DATA SHOWN:
____________
(* No single-threshold constant-approximation is possible on the $\overline{\mathcal{G}}$ class: there is no constant $c>0$ such that for every horizon $H\in\overline{\mathcal{G}}$ and every value distribution $\mathcal{D}$ there exists a threshold $\pi$ with $\mathbb{E}X_{\tau_\pi}\ge c\,\mathbb{E}M_H$.
   Context: IID prophet inequality with random horizon: $X$ is a nonnegative integrable random variable with distribution $\mathcal{D}$, $X_1,X_2,\dots$ i.i.d. copies. A horizon is a random variable $H$ supported on a subset of $\mathbb{N}=\{1,2,\dots\}$ with $\mathbb{E}H<\infty$, independent of the $X_i$. A stopping rule $\tau$ is adapted to $\mathcal{F}_i=\sigma(\mathbb{1}_{\{H=0\}},X_1,\dots,\mathbb{1}_{\{H=i-1\}},X_i)$ (the gambler must decide at step $i$ before learning whether $H=i$), the reward is $Y_\tau$ with $Y_i=X_i\mathbb{1}_{\{H\ge i\}}$, $Y_\infty=0$, and $\mathbb{E}X_\tau:=\mathbb{E}Y_\tau$. The prophet gets $\mathbb{E}M_H$, $M_H=\max_{i\le H}X_i$. A single-threshold algorithm with threshold $\pi$ (chosen knowing $\mathcal{D}$ and the law of $H$) is $\tau_\pi=\inf\{i: Y_i\ge\pi\}$. The $\overline{\mathcal{G}}$ class: $H\in\overline{\mathcal{G}}$ iff $\mathbb{E}[t^G]\le\mathbb{E}[t^H]$ for all $t\in(0,1)$, where $G$ is geometric on $\mathbb{N}$ with mean $\mu=\mathbb{E}H$, $\mathbb{P}(G=h)=\frac1\mu(1-\frac1\mu)^{h-1}$. *)

theory Defs
  imports "HOL-Probability.Probability"
begin

definition horizon :: "nat pmf \<Rightarrow> bool" where
  "horizon H \<longleftrightarrow> set_pmf H \<subseteq> {1..} \<and> integrable (measure_pmf H) real"

text \<open>E[t^G] for G geometric on {1,2,...} with mean mu: sum over h>=1 of (1/mu)(1-1/mu)^(h-1) t^h.\<close>
definition geom_pgf :: "real \<Rightarrow> real \<Rightarrow> real" where
  "geom_pgf mu t = (\<Sum>h. (1/mu) * (1 - 1/mu)^h * t^(Suc h))"

definition Gbar :: "nat pmf \<Rightarrow> bool" where
  "Gbar H \<longleftrightarrow> (\<forall>t\<in>{0<..<1::real}.
     geom_pgf (measure_pmf.expectation H real) t \<le> measure_pmf.expectation H (\<lambda>h. t ^ h))"

definition value_dist :: "real measure \<Rightarrow> bool" where
  "value_dist D \<longleftrightarrow> prob_space D \<and> sets D = sets borel \<and> (AE x in D. 0 \<le> x) \<and> integrable D (\<lambda>x. x)"

text \<open>Joint law of (X_1, X_2, ...) (index 0 unused) and the independent horizon H.\<close>
definition joint :: "real measure \<Rightarrow> nat pmf \<Rightarrow> ((nat \<Rightarrow> real) \<times> nat) measure" where
  "joint D H = (PiM UNIV (\<lambda>_::nat. D)) \<Otimes>\<^sub>M measure_pmf H"

definition Yv :: "(nat \<Rightarrow> real) \<Rightarrow> nat \<Rightarrow> nat \<Rightarrow> real" where
  "Yv xs h i = (if i \<le> h then xs i else 0)"

definition thr_reward :: "real \<Rightarrow> (nat \<Rightarrow> real) \<times> nat \<Rightarrow> real" where
  "thr_reward p \<omega> = (let xs = fst \<omega>; h = snd \<omega> in
     if \<exists>i\<ge>1. Yv xs h i \<ge> p then Yv xs h (LEAST i. i \<ge> 1 \<and> Yv xs h i \<ge> p) else 0)"

definition prophet :: "(nat \<Rightarrow> real) \<times> nat \<Rightarrow> real" where
  "prophet \<omega> = Max (fst \<omega> ` {1..snd \<omega>})"

end

(* Fix K >= 1 and M = 2K(K+1).  The values are M^z, z <= K, with P(X >= M^z) = M^-z, and the
   horizon is M^k with probability (K+1) / (M^k b_k (b_k + 1)) for 1 <= k <= K, where
   b_k = K - k + 1, and 1 otherwise.

   A threshold in (M^(j-1), M^j] earns E[X; X >= M^j] <= b_j times the expected number of values
   it inspects, which is at most min (M^k) (M^j) when the horizon is M^k.  Because the weights
   1 / (b (b + 1)) telescope, every threshold earns at most 3 (K + 1) in expectation.
   The prophet facing horizon M^k sees some value >= M^l with probability at least M^(k-l) / 2
   for every l >= k, so E[max] >= b_k M^k / 4, and the horizon weights turn this into
   E M_H >= (K + 1) (H_(K+1) - 1) / 4, with H_n the harmonic numbers.  The ratio is O(1 / log K).

   The horizon lies in Gbar because it equals 1 except with probability at most 1/4: comparing
   E[t^H] with the geometric generating function reduces, after writing t = 1 - s, to the
   concavity of x -> 4x / (4 + x), applied at the weighted mean of the points (M^k - 1) s. *)

theory Submission
  imports Defs "HOL-Analysis.Harmonic_Numbers"
begin

lemma Yv_Suc_Suc: "Yv xs (Suc h) (Suc i) = Yv (\<lambda>i. xs (Suc i)) h i"
  by (simp add: Yv_def)

lemma thr_reward_horizon_0: "thr_reward p (xs, 0) = 0"
proof -
  have "Yv xs 0 (LEAST i. 1 \<le> i \<and> p \<le> Yv xs 0 i) = 0" if "\<exists>i\<ge>1. p \<le> Yv xs 0 i"
    using LeastI_ex[OF that[unfolded atLeast_iff]] by (auto simp: Yv_def)
  then show ?thesis
    by (simp add: thr_reward_def)
qed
____________
TASK OBJECTIVE: Identify and extract each line of the listing that contains "expectation".

REPLY TO THE EXERCISE:
     geom_pgf (measure_pmf.expectation H real) t \<le> measure_pmf.expectation H (\<lambda>h. t ^ h))"
   1 / (b (b + 1)) telescope, every threshold earns at most 3 (K + 1) in expectation.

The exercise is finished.